(Collected data)
==========
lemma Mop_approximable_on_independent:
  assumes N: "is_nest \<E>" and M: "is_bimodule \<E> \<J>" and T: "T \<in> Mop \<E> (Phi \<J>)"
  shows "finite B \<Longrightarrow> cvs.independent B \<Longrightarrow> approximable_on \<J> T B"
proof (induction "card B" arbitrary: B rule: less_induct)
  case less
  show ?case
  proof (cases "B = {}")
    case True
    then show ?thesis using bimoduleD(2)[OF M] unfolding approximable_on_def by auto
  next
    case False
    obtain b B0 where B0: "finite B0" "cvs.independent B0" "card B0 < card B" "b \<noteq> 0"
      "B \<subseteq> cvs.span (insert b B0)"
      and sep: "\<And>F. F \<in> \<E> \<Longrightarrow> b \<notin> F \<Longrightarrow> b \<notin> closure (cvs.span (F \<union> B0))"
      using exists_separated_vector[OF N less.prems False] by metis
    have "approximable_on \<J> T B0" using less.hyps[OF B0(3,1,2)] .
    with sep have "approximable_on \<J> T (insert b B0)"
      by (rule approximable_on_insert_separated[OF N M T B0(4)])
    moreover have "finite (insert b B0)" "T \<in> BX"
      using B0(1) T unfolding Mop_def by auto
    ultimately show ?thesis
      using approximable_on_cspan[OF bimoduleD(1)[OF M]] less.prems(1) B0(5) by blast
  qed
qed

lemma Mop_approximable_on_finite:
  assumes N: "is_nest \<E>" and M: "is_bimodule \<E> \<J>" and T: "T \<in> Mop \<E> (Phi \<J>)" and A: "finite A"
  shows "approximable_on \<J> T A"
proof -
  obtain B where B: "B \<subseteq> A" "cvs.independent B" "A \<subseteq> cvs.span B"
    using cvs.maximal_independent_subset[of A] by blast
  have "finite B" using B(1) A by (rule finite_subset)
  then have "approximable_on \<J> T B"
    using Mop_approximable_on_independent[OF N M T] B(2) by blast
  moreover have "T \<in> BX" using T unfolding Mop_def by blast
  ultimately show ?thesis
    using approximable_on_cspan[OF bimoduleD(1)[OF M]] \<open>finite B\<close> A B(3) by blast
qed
==========
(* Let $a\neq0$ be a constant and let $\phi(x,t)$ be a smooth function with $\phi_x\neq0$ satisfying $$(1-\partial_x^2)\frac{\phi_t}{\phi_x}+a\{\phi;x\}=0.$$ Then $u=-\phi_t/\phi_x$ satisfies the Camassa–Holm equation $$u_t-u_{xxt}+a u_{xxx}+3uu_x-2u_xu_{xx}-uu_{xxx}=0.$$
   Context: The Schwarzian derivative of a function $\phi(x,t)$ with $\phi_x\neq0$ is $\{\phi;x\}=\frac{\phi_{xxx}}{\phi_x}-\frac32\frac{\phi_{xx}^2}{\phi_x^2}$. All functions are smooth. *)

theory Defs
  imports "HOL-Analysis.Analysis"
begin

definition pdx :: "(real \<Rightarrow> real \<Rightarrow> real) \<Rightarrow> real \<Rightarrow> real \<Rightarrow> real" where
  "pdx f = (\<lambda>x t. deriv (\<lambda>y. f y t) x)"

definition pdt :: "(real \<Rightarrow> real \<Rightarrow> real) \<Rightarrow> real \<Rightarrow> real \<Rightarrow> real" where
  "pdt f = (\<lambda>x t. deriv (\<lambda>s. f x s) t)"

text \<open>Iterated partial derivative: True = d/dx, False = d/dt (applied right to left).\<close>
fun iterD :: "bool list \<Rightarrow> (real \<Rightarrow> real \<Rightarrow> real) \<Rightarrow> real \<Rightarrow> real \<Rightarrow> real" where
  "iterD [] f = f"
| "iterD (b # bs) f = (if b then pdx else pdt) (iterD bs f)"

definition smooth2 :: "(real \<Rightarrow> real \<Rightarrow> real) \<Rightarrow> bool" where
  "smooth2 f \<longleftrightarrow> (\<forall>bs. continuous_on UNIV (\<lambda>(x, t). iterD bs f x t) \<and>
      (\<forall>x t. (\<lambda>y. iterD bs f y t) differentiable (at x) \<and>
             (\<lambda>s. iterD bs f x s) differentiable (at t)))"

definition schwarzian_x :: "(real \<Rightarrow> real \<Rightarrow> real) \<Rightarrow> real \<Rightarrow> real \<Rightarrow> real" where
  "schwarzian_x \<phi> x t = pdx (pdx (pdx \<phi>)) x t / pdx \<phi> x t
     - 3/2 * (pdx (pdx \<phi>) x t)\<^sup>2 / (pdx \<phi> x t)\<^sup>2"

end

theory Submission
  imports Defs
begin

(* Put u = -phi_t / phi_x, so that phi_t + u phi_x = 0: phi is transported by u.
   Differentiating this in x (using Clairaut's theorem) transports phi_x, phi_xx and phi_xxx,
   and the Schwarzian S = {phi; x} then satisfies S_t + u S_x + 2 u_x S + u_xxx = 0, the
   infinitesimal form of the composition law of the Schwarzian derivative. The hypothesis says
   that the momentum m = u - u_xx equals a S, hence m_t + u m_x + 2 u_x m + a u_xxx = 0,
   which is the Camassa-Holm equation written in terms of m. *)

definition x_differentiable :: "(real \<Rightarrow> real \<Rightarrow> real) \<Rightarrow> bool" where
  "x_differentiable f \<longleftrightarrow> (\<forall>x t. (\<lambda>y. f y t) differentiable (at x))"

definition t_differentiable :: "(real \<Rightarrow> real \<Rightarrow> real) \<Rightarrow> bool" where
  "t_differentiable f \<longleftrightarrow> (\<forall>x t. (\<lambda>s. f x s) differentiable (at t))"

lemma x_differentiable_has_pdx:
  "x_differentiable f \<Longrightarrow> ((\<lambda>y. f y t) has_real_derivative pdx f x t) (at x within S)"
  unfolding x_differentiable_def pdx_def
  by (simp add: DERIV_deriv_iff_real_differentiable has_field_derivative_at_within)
==========
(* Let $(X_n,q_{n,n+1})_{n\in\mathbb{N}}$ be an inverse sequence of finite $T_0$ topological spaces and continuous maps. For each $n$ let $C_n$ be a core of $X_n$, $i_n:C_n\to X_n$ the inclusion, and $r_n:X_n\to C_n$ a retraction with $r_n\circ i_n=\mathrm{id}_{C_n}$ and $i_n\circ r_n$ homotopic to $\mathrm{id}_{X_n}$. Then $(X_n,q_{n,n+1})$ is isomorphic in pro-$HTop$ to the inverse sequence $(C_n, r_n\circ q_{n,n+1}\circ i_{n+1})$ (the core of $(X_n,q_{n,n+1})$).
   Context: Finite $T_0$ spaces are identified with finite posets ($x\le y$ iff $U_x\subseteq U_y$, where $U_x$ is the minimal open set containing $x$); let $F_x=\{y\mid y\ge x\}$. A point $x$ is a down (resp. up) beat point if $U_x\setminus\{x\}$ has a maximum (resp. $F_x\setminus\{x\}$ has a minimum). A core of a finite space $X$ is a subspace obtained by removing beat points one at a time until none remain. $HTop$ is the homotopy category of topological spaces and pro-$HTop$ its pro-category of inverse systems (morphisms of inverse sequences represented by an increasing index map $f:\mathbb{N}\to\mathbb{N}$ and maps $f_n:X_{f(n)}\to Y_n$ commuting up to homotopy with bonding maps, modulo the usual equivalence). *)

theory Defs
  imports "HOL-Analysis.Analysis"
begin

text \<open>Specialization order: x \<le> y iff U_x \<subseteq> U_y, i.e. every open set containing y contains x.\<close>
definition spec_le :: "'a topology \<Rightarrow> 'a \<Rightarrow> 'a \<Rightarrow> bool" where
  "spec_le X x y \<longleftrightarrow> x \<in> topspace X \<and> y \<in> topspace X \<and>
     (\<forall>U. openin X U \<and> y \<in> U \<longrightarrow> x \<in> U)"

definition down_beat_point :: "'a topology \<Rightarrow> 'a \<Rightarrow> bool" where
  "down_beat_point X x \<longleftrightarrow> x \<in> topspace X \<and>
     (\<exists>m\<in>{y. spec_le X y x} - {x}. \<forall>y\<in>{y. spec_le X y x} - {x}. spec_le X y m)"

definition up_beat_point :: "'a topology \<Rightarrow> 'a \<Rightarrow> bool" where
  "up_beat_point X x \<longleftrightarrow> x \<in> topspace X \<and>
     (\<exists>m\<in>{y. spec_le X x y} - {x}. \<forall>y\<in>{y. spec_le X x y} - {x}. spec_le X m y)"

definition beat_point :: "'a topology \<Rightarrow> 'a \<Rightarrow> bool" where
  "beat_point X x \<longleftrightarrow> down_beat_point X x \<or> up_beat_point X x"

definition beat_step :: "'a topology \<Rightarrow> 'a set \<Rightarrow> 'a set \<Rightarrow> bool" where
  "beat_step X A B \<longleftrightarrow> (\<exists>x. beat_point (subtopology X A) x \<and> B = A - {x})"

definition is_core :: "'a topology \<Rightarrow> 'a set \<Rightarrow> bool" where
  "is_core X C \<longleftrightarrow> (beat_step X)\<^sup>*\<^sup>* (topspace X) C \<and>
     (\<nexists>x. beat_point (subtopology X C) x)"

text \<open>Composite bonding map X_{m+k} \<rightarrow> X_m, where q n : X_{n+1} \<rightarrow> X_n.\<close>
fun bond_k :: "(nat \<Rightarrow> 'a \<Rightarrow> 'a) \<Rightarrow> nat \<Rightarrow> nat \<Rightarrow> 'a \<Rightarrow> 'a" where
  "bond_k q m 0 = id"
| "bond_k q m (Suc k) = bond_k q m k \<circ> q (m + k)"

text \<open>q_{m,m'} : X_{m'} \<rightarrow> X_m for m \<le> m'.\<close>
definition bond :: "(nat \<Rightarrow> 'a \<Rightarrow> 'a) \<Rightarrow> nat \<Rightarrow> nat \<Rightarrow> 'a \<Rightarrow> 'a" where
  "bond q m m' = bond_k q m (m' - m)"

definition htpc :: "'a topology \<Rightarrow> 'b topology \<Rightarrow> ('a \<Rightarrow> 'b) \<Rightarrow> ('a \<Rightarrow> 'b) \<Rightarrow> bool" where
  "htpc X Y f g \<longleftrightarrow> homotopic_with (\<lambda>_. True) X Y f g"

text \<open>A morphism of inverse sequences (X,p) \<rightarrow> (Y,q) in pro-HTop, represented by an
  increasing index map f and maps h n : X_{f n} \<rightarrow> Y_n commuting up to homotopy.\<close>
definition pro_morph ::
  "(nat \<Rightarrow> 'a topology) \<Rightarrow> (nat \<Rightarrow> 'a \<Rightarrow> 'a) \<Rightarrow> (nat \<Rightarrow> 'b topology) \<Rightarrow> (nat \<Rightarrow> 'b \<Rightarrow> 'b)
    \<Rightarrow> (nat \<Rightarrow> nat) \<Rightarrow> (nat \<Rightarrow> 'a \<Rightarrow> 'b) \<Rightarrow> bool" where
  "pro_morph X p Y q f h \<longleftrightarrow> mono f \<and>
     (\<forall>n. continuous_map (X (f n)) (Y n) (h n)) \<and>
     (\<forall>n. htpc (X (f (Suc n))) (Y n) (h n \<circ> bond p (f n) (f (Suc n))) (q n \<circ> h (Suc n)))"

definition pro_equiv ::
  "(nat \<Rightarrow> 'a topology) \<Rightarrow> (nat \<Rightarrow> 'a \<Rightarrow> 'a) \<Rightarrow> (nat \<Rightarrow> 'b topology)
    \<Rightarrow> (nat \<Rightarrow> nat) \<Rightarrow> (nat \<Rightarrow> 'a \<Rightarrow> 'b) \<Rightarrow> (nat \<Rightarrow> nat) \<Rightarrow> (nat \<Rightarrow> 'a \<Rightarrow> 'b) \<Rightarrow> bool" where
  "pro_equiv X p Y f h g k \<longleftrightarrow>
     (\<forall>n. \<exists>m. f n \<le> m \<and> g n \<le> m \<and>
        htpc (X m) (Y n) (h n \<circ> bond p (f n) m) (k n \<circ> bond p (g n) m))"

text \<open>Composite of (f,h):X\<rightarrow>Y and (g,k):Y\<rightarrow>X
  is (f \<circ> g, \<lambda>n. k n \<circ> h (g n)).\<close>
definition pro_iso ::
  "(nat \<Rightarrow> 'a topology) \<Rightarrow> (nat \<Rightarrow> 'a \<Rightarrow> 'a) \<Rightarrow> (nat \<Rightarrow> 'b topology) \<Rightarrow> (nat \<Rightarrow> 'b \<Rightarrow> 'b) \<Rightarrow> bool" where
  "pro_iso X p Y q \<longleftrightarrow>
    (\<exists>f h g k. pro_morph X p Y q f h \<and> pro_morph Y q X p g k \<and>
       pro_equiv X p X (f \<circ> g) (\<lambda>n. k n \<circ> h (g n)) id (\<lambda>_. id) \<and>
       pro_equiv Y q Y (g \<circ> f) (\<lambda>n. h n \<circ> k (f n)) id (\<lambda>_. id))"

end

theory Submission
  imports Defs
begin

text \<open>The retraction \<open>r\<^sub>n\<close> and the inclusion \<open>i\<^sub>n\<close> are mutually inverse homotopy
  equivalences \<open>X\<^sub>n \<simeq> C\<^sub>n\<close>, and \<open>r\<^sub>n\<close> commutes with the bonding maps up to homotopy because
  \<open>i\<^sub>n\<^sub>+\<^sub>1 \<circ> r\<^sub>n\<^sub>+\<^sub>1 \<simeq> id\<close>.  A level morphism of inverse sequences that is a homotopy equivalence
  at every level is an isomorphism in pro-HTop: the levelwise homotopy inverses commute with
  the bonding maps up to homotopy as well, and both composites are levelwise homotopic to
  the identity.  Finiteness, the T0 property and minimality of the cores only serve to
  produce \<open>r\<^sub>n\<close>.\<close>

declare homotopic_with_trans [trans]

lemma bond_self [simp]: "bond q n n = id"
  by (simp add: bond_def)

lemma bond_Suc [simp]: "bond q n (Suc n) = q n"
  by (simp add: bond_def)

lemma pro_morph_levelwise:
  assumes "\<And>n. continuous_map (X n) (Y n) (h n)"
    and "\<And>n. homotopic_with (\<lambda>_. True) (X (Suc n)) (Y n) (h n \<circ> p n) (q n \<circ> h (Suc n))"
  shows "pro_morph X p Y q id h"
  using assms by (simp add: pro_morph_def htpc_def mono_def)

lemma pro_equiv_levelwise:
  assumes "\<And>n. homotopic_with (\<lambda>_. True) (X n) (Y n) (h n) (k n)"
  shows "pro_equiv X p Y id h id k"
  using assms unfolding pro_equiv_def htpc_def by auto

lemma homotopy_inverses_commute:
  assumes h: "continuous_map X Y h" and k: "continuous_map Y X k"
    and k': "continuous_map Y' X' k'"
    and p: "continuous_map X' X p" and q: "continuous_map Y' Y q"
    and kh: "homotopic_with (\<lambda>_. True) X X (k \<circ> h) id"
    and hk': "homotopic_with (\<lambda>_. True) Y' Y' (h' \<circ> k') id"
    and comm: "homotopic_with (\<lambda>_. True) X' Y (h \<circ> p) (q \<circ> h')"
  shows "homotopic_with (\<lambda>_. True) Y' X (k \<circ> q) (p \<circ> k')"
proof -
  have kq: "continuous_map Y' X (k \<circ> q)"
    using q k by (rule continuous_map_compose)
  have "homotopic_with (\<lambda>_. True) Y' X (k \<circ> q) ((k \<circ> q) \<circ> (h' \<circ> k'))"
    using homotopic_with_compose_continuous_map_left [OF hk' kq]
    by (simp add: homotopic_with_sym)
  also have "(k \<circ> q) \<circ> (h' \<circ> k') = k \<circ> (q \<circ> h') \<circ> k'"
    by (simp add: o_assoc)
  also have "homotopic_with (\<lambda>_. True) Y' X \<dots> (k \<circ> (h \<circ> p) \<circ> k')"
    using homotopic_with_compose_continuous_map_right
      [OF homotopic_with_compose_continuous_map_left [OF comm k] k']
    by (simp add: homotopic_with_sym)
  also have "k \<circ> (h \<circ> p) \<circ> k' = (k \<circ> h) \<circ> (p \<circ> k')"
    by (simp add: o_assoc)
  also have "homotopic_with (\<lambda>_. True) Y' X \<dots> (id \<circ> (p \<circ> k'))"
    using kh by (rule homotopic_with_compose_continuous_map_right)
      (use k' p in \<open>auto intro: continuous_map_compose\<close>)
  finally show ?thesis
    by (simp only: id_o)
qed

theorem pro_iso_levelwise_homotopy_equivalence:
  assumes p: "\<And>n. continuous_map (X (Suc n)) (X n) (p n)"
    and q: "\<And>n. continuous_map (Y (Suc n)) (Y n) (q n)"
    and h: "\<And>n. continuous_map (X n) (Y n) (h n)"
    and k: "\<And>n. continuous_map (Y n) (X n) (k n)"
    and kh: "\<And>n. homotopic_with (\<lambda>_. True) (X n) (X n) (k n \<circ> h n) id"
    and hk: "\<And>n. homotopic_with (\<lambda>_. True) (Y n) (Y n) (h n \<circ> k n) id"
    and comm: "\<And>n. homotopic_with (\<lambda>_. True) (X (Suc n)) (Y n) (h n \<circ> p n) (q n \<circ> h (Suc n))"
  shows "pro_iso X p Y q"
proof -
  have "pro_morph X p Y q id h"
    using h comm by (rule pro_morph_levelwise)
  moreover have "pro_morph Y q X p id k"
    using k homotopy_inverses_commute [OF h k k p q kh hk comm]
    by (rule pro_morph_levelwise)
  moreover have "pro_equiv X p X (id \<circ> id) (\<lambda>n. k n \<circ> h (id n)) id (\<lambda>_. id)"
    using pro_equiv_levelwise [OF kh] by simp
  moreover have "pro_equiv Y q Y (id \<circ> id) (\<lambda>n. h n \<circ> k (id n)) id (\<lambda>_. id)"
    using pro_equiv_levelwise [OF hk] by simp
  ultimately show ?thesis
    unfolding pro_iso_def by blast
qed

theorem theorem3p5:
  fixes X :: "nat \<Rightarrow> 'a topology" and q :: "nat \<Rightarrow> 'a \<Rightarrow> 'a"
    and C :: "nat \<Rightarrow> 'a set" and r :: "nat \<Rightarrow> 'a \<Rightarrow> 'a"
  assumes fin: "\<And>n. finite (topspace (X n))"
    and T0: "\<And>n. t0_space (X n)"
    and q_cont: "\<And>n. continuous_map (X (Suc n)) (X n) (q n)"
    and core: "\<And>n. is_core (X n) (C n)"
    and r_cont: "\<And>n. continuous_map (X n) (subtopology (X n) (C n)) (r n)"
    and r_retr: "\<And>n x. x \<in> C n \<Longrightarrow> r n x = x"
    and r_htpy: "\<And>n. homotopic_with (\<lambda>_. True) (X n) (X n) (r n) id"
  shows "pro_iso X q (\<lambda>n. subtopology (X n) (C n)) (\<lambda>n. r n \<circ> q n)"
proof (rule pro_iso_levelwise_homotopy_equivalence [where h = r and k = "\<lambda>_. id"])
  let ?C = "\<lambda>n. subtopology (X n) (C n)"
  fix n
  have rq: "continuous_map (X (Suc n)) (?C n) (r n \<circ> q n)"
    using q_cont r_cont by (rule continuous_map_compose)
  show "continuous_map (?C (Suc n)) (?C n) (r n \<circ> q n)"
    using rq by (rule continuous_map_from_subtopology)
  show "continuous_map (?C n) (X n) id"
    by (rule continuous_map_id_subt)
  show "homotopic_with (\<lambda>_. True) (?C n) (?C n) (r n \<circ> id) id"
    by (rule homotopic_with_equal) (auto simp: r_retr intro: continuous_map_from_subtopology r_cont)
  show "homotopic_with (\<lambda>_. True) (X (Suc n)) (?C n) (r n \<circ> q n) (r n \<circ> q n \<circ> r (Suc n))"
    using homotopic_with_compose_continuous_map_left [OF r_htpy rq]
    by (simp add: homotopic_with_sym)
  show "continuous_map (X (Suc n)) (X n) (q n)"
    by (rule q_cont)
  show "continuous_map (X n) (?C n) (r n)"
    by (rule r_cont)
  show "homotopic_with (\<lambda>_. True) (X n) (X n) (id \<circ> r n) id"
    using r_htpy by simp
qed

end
==========
■ PROBLEM DETAILS: The answer must consist of each line from the data that includes the string "prems".

■ RESPONSE:
      using exists_separated_vector[OF N less.prems False] by metis
      using approximable_on_cspan[OF bimoduleD(1)[OF M]] less.prems(1) B0(5) by blast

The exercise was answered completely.